Yeah. I listen to lots of podcasts, I listen to lots of audiobooks, I read, no one knows it all, and we can all take steps to improve ourselves.

And I think it’s really important. It’s those things that I don’t think I did when I was younger.

Like I exercise regularly, I try and meditate, I try and read. I try and do these things that I think are going to make me a better me and in turn, me being a better me helps the business.

We give all our staff Headspace accounts if they want them. We’re trying to support people in Audible accounts, so they can all listen to books and they can all do this, and buy them books.

So we want everybody to try and make themselves better if they can, because I think it’s the healthy mind, the healthy body.

Bex Burn-Callander:

There’s a lot in the press about how running your own business has many rewards, but it can be so stressful.

And there’s periods of such high intensity. And it’s a lot of responsibility, even if you have co-founders like you, it’s still a lot on your shoulders.

Do you feel like meditation stuff helps you keep an even keel?

Alec Dobbie:

Yeah, I think it does. It can be a bit of a lonely road sometimes. I see myself as responsible for everyone’s mortgage who works for me. And that’s a chunky responsibility to have. So I think you need to do these things.

For me meditation is good, but it’s the gym… I can go and it’s just me lifting some weights and things. It’s a simple process, but it just takes me out of the day-to-day and allows me to concentrate on something else that I find really good.

It’s one of the things I found hardest in lockdown when it was shut, because I’m used to transporting myself somewhere doing something and then coming home, and I’m one of those awful early morning people.

I was at the gym six o’clock this morning. And it gives me structure for my day. I’ve done this, and everything else sort of falls into line better after it. So without it, I find it really tricky and I think I’ve found it mentally quite tricky.

Bex Burn-Callander:

You mentioned earlier that you’ve got people who’ve joined the club from the States. And I remember from years writing about entrepreneurs just trying to break the States that it was always called the graveyard for British firms.

How have you found going into the US, how different is it, and what have you learned?

Alec Dobbie:

I see why people say that. We’ve not found that, but we were very touchy feely with what we were doing there. Because like you were saying earlier, with a business that’s based on the web, you don’t need to be there.

We didn’t need to set up an office there. We could set up a website there without touching anything.

And then we can do adverts there and get people to come to our website so we can sort of test and see if it goes. I think that the lessons are – just because in America they speak the same language as us, don’t treat them as culturally the same.

Americans aren’t the same as Brits and how they take things. So you can’t just translate things for language.

You can’t just spell ‘colour’ to ‘color’. You’ve got to be much more in depth than that. You’ve got to understand when you’re writing.

We have a lot of content now. We’ve got 60 bloggers in the UK, and a similar sort of number in the States. And we were trying to work out if we can just transpose one to the other.

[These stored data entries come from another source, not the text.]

lemma (in group) exists_block_head:
  assumes ys: "set ys \<subseteq> carrier G" and x: "x \<in> carrier G"
    and U: "U \<subseteq> carrier G" "finite U" "t * t < card U"
  obtains z where "z \<in> U" "\<And>i k. i \<le> length ys \<Longrightarrow> length ys + Suc k \<le> i + t \<Longrightarrow>
      partial_sum G ys i \<noteq> partial_sum G ys (length ys) \<otimes> z \<otimes> x [^] k"
proof -
  let ?m = "length ys"
  let ?s = "partial_sum G ys"
  have s_closed: "?s i \<in> carrier G" for i using partial_sum_closed[OF ys] .
  define I where "I = {?m + 1 - t..?m} \<times> {..<t}"
  define F where "F = (\<lambda>(i, k). inv (?s ?m) \<otimes> ?s i \<otimes> inv (x [^] k)) ` I"
  have "card F \<le> card I" unfolding F_def by (rule card_image_le) (simp add: I_def)
  also have "\<dots> \<le> t * t" by (simp add: I_def card_cartesian_product) linarith
  finally have "\<not> U \<subseteq> F"
    using U card_mono[of F U] by (auto simp: F_def I_def)
  then obtain z where z: "z \<in> U" "z \<notin> F" by blast
  have z_closed: "z \<in> carrier G" using z(1) U(1) by blast
  show thesis
  proof (rule that[OF z(1)])
    fix i k assume i: "i \<le> ?m" "?m + Suc k \<le> i + t"
    show "?s i \<noteq> ?s ?m \<otimes> z \<otimes> x [^] k"
    proof
      assume "?s i = ?s ?m \<otimes> z \<otimes> x [^] k"
      then have "z = inv (?s ?m) \<otimes> ?s i \<otimes> inv (x [^] k)"
        using s_closed x z_closed by (simp add: m_assoc inv_solve_left)
      moreover have "(i, k) \<in> I" using i by (auto simp: I_def)
      ultimately show False using z(2) unfolding F_def by auto
    qed
  qed
qed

And it’s not that straightforward, because what’s acceptable to talk about in Britons here isn’t acceptable in the States. And legislation aside, there’s lots of different nuance in the detail on how that works.

So I think you’ve got to take a holistic view of going to America. You can’t just say, “I’ll take my English language thing here and put it there and it will work fine.” Because it won’t.

You’ve got to put more effort into it then, find some people to help you do it.

Bex Burn-Callander:

But presumably the size of the American market that could overtake the UK business, right? What’s the scale of the opportunity for you?

Alec Dobbie:

Yes, in terms of parents who would sign up. We sign up, like I say in the UK, something like 35,000 mums a month. And I when I say mums it’s 95% mums that sign up for our service, not dads, which is interesting. We tried to target dads because I’m quite passionate about that.

But in the States, it could be four times that. There’s four times the popular, so it’s… in theory, at least it’s four times the business opportunity. So, the States is definitely a bigger business than the UK for us. But it’s the same.

Like I was saying earlier about us being a tech company because we build the tech ourselves, we can build it so it helps here or in the States. So we built it in the way that it can be effectively used in both locations.

Bex Burn-Callander:

And would you move to other English-speaking nations? Are you looking at places like Australia, New Zealand, or is it very much the two prongs of the business?

Alec Dobbie:

For this as a business, it’ll be very hard to manage if they’re too far away. There’s such a huge time difference between here and the other side of the world. And they’re quite small in terms of a populace, when your business is based upon babies, you need there to be quite a few babies born.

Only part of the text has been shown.